--- Records to process ---

lemma wfac_of_real: "wfac t r (complex_of_real x) = complex_of_real ((1 - x / r) * exp (real t * (x / r)))"
  by (simp add: wfac_def exp_of_real[symmetric])

lemma norm_wfac_imaginary: "norm (wfac t r (\<i> * complex_of_real x)) = sqrt (1 + (x / r)\<^sup>2)"
proof -
  have "norm (1 - \<i> * complex_of_real x / complex_of_real r) = sqrt (1 + (x / r)\<^sup>2)"
  proof -
    have "1 - \<i> * complex_of_real x / complex_of_real r = Complex 1 (- (x / r))"
      by (simp add: complex_eq_iff)
    thus ?thesis by (simp add: cmod_def)
  qed
  moreover have "norm (exp (of_nat t * (\<i> * complex_of_real x) / complex_of_real r)) = 1"
    by (simp add: norm_exp_eq_Re)
  ultimately show ?thesis unfolding wfac_def norm_mult by simp
qed

lemma norm_wfac_le_linear:
  assumes "t \<le> 1"
  shows "norm (wfac t r w) \<le> exp (2 * norm w / \<bar>r\<bar>)"
proof -
  define u where "u = w / complex_of_real r"
  have nu: "norm u = norm w / \<bar>r\<bar>" by (simp add: u_def norm_divide)
  have "norm (1 - u) \<le> 1 + norm u" using norm_triangle_ineq4[of 1 u] by simp
  also have "\<dots> \<le> exp (norm u)" by (metis add.commute exp_ge_add_one_self)
  finally have "norm (1 - u) \<le> exp (norm u)" .
  moreover have "norm (exp (of_nat t * u)) \<le> exp (norm u)"
    using norm_exp[of "of_nat t * u"] assms by (cases t) (auto simp: norm_mult)
  ultimately have "norm ((1 - u) * exp (of_nat t * u)) \<le> exp (norm u) * exp (norm u)"
    unfolding norm_mult by (intro mult_mono) auto
  also have "\<dots> = exp (2 * norm w / \<bar>r\<bar>)" by (simp add: nu exp_add[symmetric])
  finally show ?thesis by (simp add: wfac_def u_def)
qed

lemma abs_one_minus_mult_exp_le_exp_power:
  assumes "t \<le> 1"
  shows "\<bar>1 - v\<bar> * exp (real t * v) \<le> exp (\<bar>v\<bar> ^ Suc t)"
proof (cases "t = 0")
  case True
  have "\<bar>1 - v\<bar> \<le> 1 + \<bar>v\<bar>" by linarith
  also have "\<dots> \<le> exp \<bar>v\<bar>" by (metis add.commute exp_ge_add_one_self)
  finally show ?thesis using True by simp
next
  case False
  with assms have "t = 1" by simp
  thus ?thesis using abs_one_minus_mult_exp_le[of v] by (simp add: power2_eq_square)
qed

lemma sqrt_one_plus_square_le_exp_power:
  assumes "t \<le> 1"
  shows "sqrt (1 + v\<^sup>2) \<le> exp (\<bar>v\<bar> ^ Suc t)"
proof (cases "t = 0")
  case True
  have "sqrt (1 + v\<^sup>2) \<le> 1 + \<bar>v\<bar>"
    by (rule real_le_lsqrt) (simp_all add: power2_eq_square algebra_simps)
  also have "\<dots> \<le> exp \<bar>v\<bar>" by (metis add.commute exp_ge_add_one_self)
  finally show ?thesis using True by simp
next
  case False
  with assms have "t = 1" by simp
  have "1 + v\<^sup>2 \<le> exp (v\<^sup>2)" using exp_ge_add_one_self[of "v\<^sup>2"] by simp
  also have "\<dots> \<le> (exp (v\<^sup>2))\<^sup>2" by (simp add: power2_eq_square)
  finally have "sqrt (1 + v\<^sup>2) \<le> exp (v\<^sup>2)" by (intro real_le_lsqrt) simp_all
  thus ?thesis using \<open>t = 1\<close> by (simp add: power2_eq_square)
qed

text \<open>Only the two axes are needed below, and there the factor is explicit:
  \<open>(1 - v) e\<^bsup>t v\<^esup>\<close> on the real axis and of modulus \<open>\<surd>(1 + v\<^sup>2)\<close> on the imaginary one.\<close>
lemma norm_wfac_le_on_axes:
  assumes "t \<le> 1" "Re w = 0 \<or> Im w = 0"
  shows "norm (wfac t r w) \<le> exp ((norm w / \<bar>r\<bar>) ^ Suc t)"
  using assms(2)
proof
  assume "Re w = 0"
  then obtain x where w: "w = \<i> * complex_of_real x" by (metis complex_eq mult.commute add_0 of_real_0)
  show ?thesis using sqrt_one_plus_square_le_exp_power[OF assms(1), of "x / r"]
    by (simp add: w norm_wfac_imaginary norm_mult abs_divide)
next
  assume "Im w = 0"
  then obtain x where w: "w = complex_of_real x" by (metis complex_is_Real_iff Reals_cases)
  show ?thesis using abs_one_minus_mult_exp_le_exp_power[OF assms(1), of "x / r"]
    unfolding w wfac_of_real norm_of_real abs_mult by (simp add: abs_divide)
qed
lemma power2_inner_le_mult:
  fixes x y :: "'a::real_inner"
  assumes "norm x \<le> a" "norm y \<le> b"
  shows "(x \<bullet> y)^2 \<le> (a * b)^2"
proof -
  have "norm x * norm y \<le> a * b"
    using assms by (intro mult_mono) (auto intro: order_trans[OF norm_ge_zero])
  then have "\<bar>x \<bullet> y\<bar> \<le> a * b"
    using Cauchy_Schwarz_ineq2[of x y] by linarith
  then show ?thesis by (metis abs_ge_zero power2_abs power_mono)
qed

lemma power2_inner_le_truncated_plus:
  fixes x v v' :: "'a::real_inner" and r \<delta> :: real
  assumes x: "norm x \<le> 1" and v': "norm v' \<le> r" and v_v': "norm (v - v')^2 \<le> \<delta>"
  shows "(x \<bullet> v)^2 \<le> 7/5 * r^2 * min 1 ((x \<bullet> v')^2 / r^2) + 7/2 * \<delta>"
proof -
  have "(x \<bullet> v')^2 \<le> (1 * r)^2" by (rule power2_inner_le_mult[OF x v'])
  then have "r^2 * min 1 ((x \<bullet> v')^2 / r^2) = (x \<bullet> v')^2"
    by (cases "r = 0") (auto simp: min_def field_simps)
  moreover have "(x \<bullet> (v - v'))^2 \<le> \<delta>"
    using power2_inner_le_mult[OF x order_refl, of "v - v'"] v_v' by simp
  moreover have "(x \<bullet> v)^2 \<le> 7/5 * (x \<bullet> v')^2 + 7/2 * (x \<bullet> (v - v'))^2"
    using power2_add_le_weighted[of "2/5" "x \<bullet> v'" "x \<bullet> (v - v')"] by (simp add: inner_diff_right)
  ultimately show ?thesis by linarith
qed

lemma sum_power2_inner_le_truncated_plus:
  fixes x :: "'i \<Rightarrow> 'a::real_inner" and v v' :: 'a and r \<delta> T :: real
  assumes "\<And>i. i \<in> I \<Longrightarrow> norm (x i) \<le> 1" "norm v' \<le> r" "norm (v - v')^2 \<le> \<delta>"
    and "(\<Sum>i\<in>I. min 1 ((x i \<bullet> v')^2 / r^2)) \<le> T"
  shows "(\<Sum>i\<in>I. (x i \<bullet> v)^2) \<le> 7/5 * r^2 * T + 7/2 * card I * \<delta>"
proof -
  have "(\<Sum>i\<in>I. (x i \<bullet> v)^2) \<le> (\<Sum>i\<in>I. 7/5 * r^2 * min 1 ((x i \<bullet> v')^2 / r^2) + 7/2 * \<delta>)"
    using assms(1-3) by (intro sum_mono power2_inner_le_truncated_plus)
  also have "\<dots> = 7/5 * r^2 * (\<Sum>i\<in>I. min 1 ((x i \<bullet> v')^2 / r^2)) + 7/2 * card I * \<delta>"
    by (simp add: sum.distrib sum_distrib_left)
  also have "\<dots> \<le> 7/5 * r^2 * T + 7/2 * card I * \<delta>"
    using assms(4) by (intro add_right_mono mult_left_mono) auto
  finally show ?thesis .
qed

lemma integral_truncated_power2_inner_le:
  fixes P :: "'c measure" and X :: "'c \<Rightarrow> 'a::euclidean_space" and v :: 'a and r :: real
  assumes P: "prob_space P" and X: "X \<in> borel_measurable P"
    and X_bounded: "AE z in P. norm (X z) \<le> 1" and v: "norm v \<le> r"
  shows "(\<integral>z. min 1 ((X z \<bullet> v)^2 / r^2) \<partial>P) \<le> (\<integral>z. (X z \<bullet> v)^2 \<partial>P) / r^2"
proof -
  interpret P: prob_space P by (rule P)
  have "(\<lambda>z. min 1 ((X z \<bullet> v)^2 / r^2)) \<in> borel_measurable P"
    using X by measurable
  then have "integrable P (\<lambda>z. min 1 ((X z \<bullet> v)^2 / r^2))"
    by (intro P.integrable_const_bound[where B=1]) auto
  moreover have "integrable P (\<lambda>z. (X z \<bullet> v)^2)"
  proof (rule P.integrable_const_bound[where B = "(1 * r)^2"])
    show "AE z in P. norm ((X z \<bullet> v)^2) \<le> (1 * r)^2"
      using X_bounded
    proof eventually_elim
      fix z assume "norm (X z) \<le> 1"
      from power2_inner_le_mult[OF this v] show "norm ((X z \<bullet> v)^2) \<le> (1 * r)^2" by simp
    qed
  qed (use X in measurable)
  ultimately have "(\<integral>z. min 1 ((X z \<bullet> v)^2 / r^2) \<partial>P) \<le> (\<integral>z. (X z \<bullet> v)^2 / r^2 \<partial>P)"
    by (intro integral_mono) auto
  then show ?thesis by simp
qed

lemma sum_power2_inner_le_card_mult:
  fixes x :: "'i \<Rightarrow> 'a::real_inner" and r :: real
  assumes "\<And>i. i \<in> I \<Longrightarrow> norm (x i) \<le> 1" "norm v \<le> r"
  shows "(\<Sum>i\<in>I. (x i \<bullet> v)^2) \<le> card I * r^2"
proof -
  have "(\<Sum>i\<in>I. (x i \<bullet> v)^2) \<le> (\<Sum>i\<in>I. (1 * r)^2)"
    using assms by (intro sum_mono power2_inner_le_mult)
  then show ?thesis by simp
qed

lemma uniform_truncated_sums_bound:
  fixes P :: "'c measure" and X :: "'c \<Rightarrow> 'a::euclidean_space" and V :: "'a set"
    and r \<sigma>2 t N :: real
  assumes P: "prob_space P" and I: "finite I" and X: "X \<in> borel_measurable P"
    and X_bounded: "AE z in P. norm (X z) \<le> 1"
    and V: "finite V" "real (card V) \<le> N" "N > 0"
    and V_bounded: "\<And>v. v \<in> V \<Longrightarrow> norm v \<le> r"
    and V_moment: "\<And>v. v \<in> V \<Longrightarrow> (\<integral>z. (X z \<bullet> v)^2 \<partial>P) \<le> \<sigma>2"
  shows "\<exists>E \<in> sets (PiM I (\<lambda>_. P)). measure (PiM I (\<lambda>_. P)) E \<ge> 1 - exp (- t) \<and>
     (\<forall>S\<in>E. (\<forall>i\<in>I. norm (X (S i)) \<le> 1) \<and>
        (\<forall>v\<in>V. (\<Sum>i\<in>I. min 1 ((X (S i) \<bullet> v)^2 / r^2))
           \<le> (exp 1 - 1) * card I * (\<sigma>2 / r^2) + (t + ln N)))"
proof -
  let ?M = "PiM I (\<lambda>_. P)"
  interpret M: prob_space ?M by (rule prob_space_PiM) (use P in auto)
  define trunc where "trunc v z = min 1 ((X z \<bullet> v)^2 / r^2)" for v z
  have trunc_meas: "trunc v \<in> borel_measurable P" for v
    unfolding trunc_def using X by measurable
  have trunc_mean: "(\<integral>z. trunc v z \<partial>P) \<le> \<sigma>2 / r^2" if "v \<in> V" for v
    using integral_truncated_power2_inner_le[OF P X X_bounded V_bounded[OF that]] V_moment[OF that]
    unfolding trunc_def by (smt (verit) divide_right_mono zero_le_power2)
  define E where "E = {S \<in> space ?M. \<forall>f\<in>trunc ` V.
    (\<Sum>i\<in>I. f (S i)) < (exp 1 - 1) * card I * (\<integral>z. f z \<partial>P) + (t + ln N)}"
  have E: "E \<in> sets ?M" "measure ?M E \<ge> 1 - exp (- t)"
    unfolding E_def using P I V trunc_meas card_image_le[OF V(1), of trunc]
    by (intro measure_PiM_sum_lt_for_finite_family; force simp: trunc_def)+
  define G where "G = {S \<in> space ?M. \<forall>i\<in>I. norm (X (S i)) \<le> 1}"
  have G: "G \<in> sets ?M" "AE S in ?M. S \<in> G"
    unfolding G_def using P I X X_bounded by (intro AE_PiM_all_components; measurable)+
  have "measure ?M (E \<inter> G) = measure ?M E"
    using E(1) G by (intro M.finite_measure_eq_AE) auto
  moreover have "(\<Sum>i\<in>I. trunc v (S i)) \<le> (exp 1 - 1) * card I * (\<sigma>2 / r^2) + (t + ln N)"
    if "S \<in> E" "v \<in> V" for S v
  proof -
    have "(\<Sum>i\<in>I. trunc v (S i)) < (exp 1 - 1) * card I * (\<integral>z. trunc v z \<partial>P) + (t + ln N)"
      using that unfolding E_def by auto
    also have "\<dots> \<le> (exp 1 - 1) * card I * (\<sigma>2 / r^2) + (t + ln N)"
      using mult_left_mono[OF trunc_mean[OF that(2)], of "(exp 1 - 1) * card I"] by simp
    finally show ?thesis by simp
  qed
  ultimately show ?thesis
    using E G(1) by (intro bexI[of _ "E \<inter> G"]) (auto simp: G_def trunc_def)
qed

lemma uniform_sum_inner_power2_bound:
  fixes P :: "'c measure" and X :: "'c \<Rightarrow> 'a::euclidean_space"
    and U :: "'a set" and w0 :: 'a and r \<sigma>2 t :: real and n :: nat
  assumes P: "prob_space P" and X: "X \<in> borel_measurable P"
    and X_bounded: "AE z in P. norm (X z) \<le> 1"
    and r: "r > 0" and n: "n \<ge> 1"
    and U_bounded: "\<And>w. w \<in> U \<Longrightarrow> norm (w - w0) \<le> r"
    and U_moment: "\<And>w. w \<in> U \<Longrightarrow> (\<integral>z. (X z \<bullet> (w - w0))^2 \<partial>P) \<le> \<sigma>2"
  shows "\<exists>E \<in> sets (PiM {..<n} (\<lambda>_. P)). measure (PiM {..<n} (\<lambda>_. P)) E \<ge> 1 - exp (- t) \<and>
     (\<forall>S\<in>E. (\<forall>i<n. norm (X (S i)) \<le> 1) \<and>
        (\<forall>w\<in>U. (\<Sum>i<n. (X (S i) \<bullet> (w - w0))^2)
           \<le> 7/5 * ((exp 1 - 1) * n * \<sigma>2 + r^2 * (t + DIM('a) * ln (2 * n + 1)))
              + 7/2 * DIM('a) * r^2 / n))"
proof -
  let ?D = "real DIM('a)"
  have "r / n > 0" using r n by simp
  then obtain U' where U': "U' \<subseteq> U" "finite U'" "card U' \<le> (2 * n + 1) ^ DIM('a)"
    and net: "\<And>w. w \<in> U \<Longrightarrow> \<exists>w'\<in>U'. norm (w - w')^2 \<le> ?D * (r / n)^2"
    using finite_net_of_bounded_set[of "r / n" U w0 n] U_bounded n by auto
  let ?V = "(\<lambda>w. w - w0) ` U'"
  have "card ?V \<le> (2 * n + 1) ^ DIM('a)" using card_image_le[OF U'(2)] U'(3) order_trans by blast
  then have V_card: "real (card ?V) \<le> real ((2 * n + 1) ^ DIM('a))" by (simp only: of_nat_le_iff)
  have V_bounded: "\<And>v. v \<in> ?V \<Longrightarrow> norm v \<le> r" using U'(1) U_bounded by auto
  have V_moment: "\<And>v. v \<in> ?V \<Longrightarrow> (\<integral>z. (X z \<bullet> v)^2 \<partial>P) \<le> \<sigma>2" using U'(1) U_moment by auto
  obtain E where E: "E \<in> sets (PiM {..<n} (\<lambda>_. P))"
      "measure (PiM {..<n} (\<lambda>_. P)) E \<ge> 1 - exp (- t)"
    and E_norm: "\<And>S i. S \<in> E \<Longrightarrow> i < n \<Longrightarrow> norm (X (S i)) \<le> 1"
    and E_sums: "\<And>S w'. S \<in> E \<Longrightarrow> w' \<in> U' \<Longrightarrow> (\<Sum>i<n. min 1 ((X (S i) \<bullet> (w' - w0))^2 / r^2))
      \<le> (exp 1 - 1) * n * (\<sigma>2 / r^2) + (t + ?D * ln (2 * n + 1))"
    using uniform_truncated_sums_bound[OF P finite_lessThan[of n] X X_bounded finite_imageI[OF U'(2)]
        V_card _ V_bounded V_moment, of t]
    by (auto simp: ln_realpow)
  have "(\<Sum>i<n. (X (S i) \<bullet> (w - w0))^2)
      \<le> 7/5 * ((exp 1 - 1) * n * \<sigma>2 + r^2 * (t + ?D * ln (2 * n + 1))) + 7/2 * ?D * r^2 / n"
    if S: "S \<in> E" and w: "w \<in> U" for S w
  proof -
    obtain w' where w': "w' \<in> U'" "norm ((w - w0) - (w' - w0))^2 \<le> ?D * (r / n)^2"
      using net[OF w] by auto
    have "(\<Sum>i<n. (X (S i) \<bullet> (w - w0))^2)
        \<le> 7/5 * r^2 * ((exp 1 - 1) * n * (\<sigma>2 / r^2) + (t + ?D * ln (2 * n + 1)))
          + 7/2 * n * (?D * (r / n)^2)"
      using sum_power2_inner_le_truncated_plus[OF _ _ w'(2) E_sums[OF S w'(1)]]
        E_norm[OF S] U_bounded w'(1) U'(1) by auto
    also have "\<dots> = 7/5 * ((exp 1 - 1) * n * \<sigma>2 + r^2 * (t + ?D * ln (2 * n + 1)))
        + 7/2 * ?D * r^2 / n"
      using r n by (simp add: field_simps power2_eq_square)
    finally show ?thesis .
  qed
  then show ?thesis using E E_norm by blast
qed

lemma ln_ge_of_e_bound_power_le:
  fixes a :: real and k m :: nat
  assumes "m > 0" "a > 0" "(272/100) ^ k \<le> a ^ m"
  shows "k / m \<le> ln a"
proof -
  have "exp (k / m) ^ m = exp (m * (k / m))" by (rule exp_of_nat_mult[symmetric])
  also have "real m * (k / m) = real k * 1" using assms(1) by simp
  also have "exp (real k * 1) = exp 1 ^ k" by (rule exp_of_nat_mult)
  also have "\<dots> \<le> (272/100) ^ k" using e_less_272 by (intro power_mono) auto
  also have "\<dots> \<le> a ^ m" by (rule assms(3))
  finally have "exp (k / m) \<le> a"
    using assms(1,2) power_mono_iff[of "exp (k / m)" a m] by simp
  then show ?thesis using assms(2) by (simp add: ln_ge_iff)
qed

---

• _Problem details_
Would you retype exactly the lines above, from the line with "sets (PiM I" to the line with "using E(1) G", with both end lines kept and nothing more?

• _Output for this task_
  shows "\<exists>E \<in> sets (PiM I (\<lambda>_. P)). measure (PiM I (\<lambda>_. P)) E \<ge> 1 - exp (- t) \<and>
     (\<forall>S\<in>E. (\<forall>i\<in>I. norm (X (S i)) \<le> 1) \<and>
        (\<forall>v\<in>V. (\<Sum>i\<in>I. min 1 ((X (S i) \<bullet> v)^2 / r^2))
           \<le> (exp 1 - 1) * card I * (\<sigma>2 / r^2) + (t + ln N)))"
proof -
  let ?M = "PiM I (\<lambda>_. P)"
  interpret M: prob_space ?M by (rule prob_space_PiM) (use P in auto)
  define trunc where "trunc v z = min 1 ((X z \<bullet> v)^2 / r^2)" for v z
  have trunc_meas: "trunc v \<in> borel_measurable P" for v
    unfolding trunc_def using X by measurable
  have trunc_mean: "(\<integral>z. trunc v z \<partial>P) \<le> \<sigma>2 / r^2" if "v \<in> V" for v
    using integral_truncated_power2_inner_le[OF P X X_bounded V_bounded[OF that]] V_moment[OF that]
    unfolding trunc_def by (smt (verit) divide_right_mono zero_le_power2)
  define E where "E = {S \<in> space ?M. \<forall>f\<in>trunc ` V.
    (\<Sum>i\<in>I. f (S i)) < (exp 1 - 1) * card I * (\<integral>z. f z \<partial>P) + (t + ln N)}"
  have E: "E \<in> sets ?M" "measure ?M E \<ge> 1 - exp (- t)"
    unfolding E_def using P I V trunc_meas card_image_le[OF V(1), of trunc]
    by (intro measure_PiM_sum_lt_for_finite_family; force simp: trunc_def)+
  define G where "G = {S \<in> space ?M. \<forall>i\<in>I. norm (X (S i)) \<le> 1}"
  have G: "G \<in> sets ?M" "AE S in ?M. S \<in> G"
    unfolding G_def using P I X X_bounded by (intro AE_PiM_all_components; measurable)+
  have "measure ?M (E \<inter> G) = measure ?M E"
    using E(1) G by (intro M.finite_measure_eq_AE) auto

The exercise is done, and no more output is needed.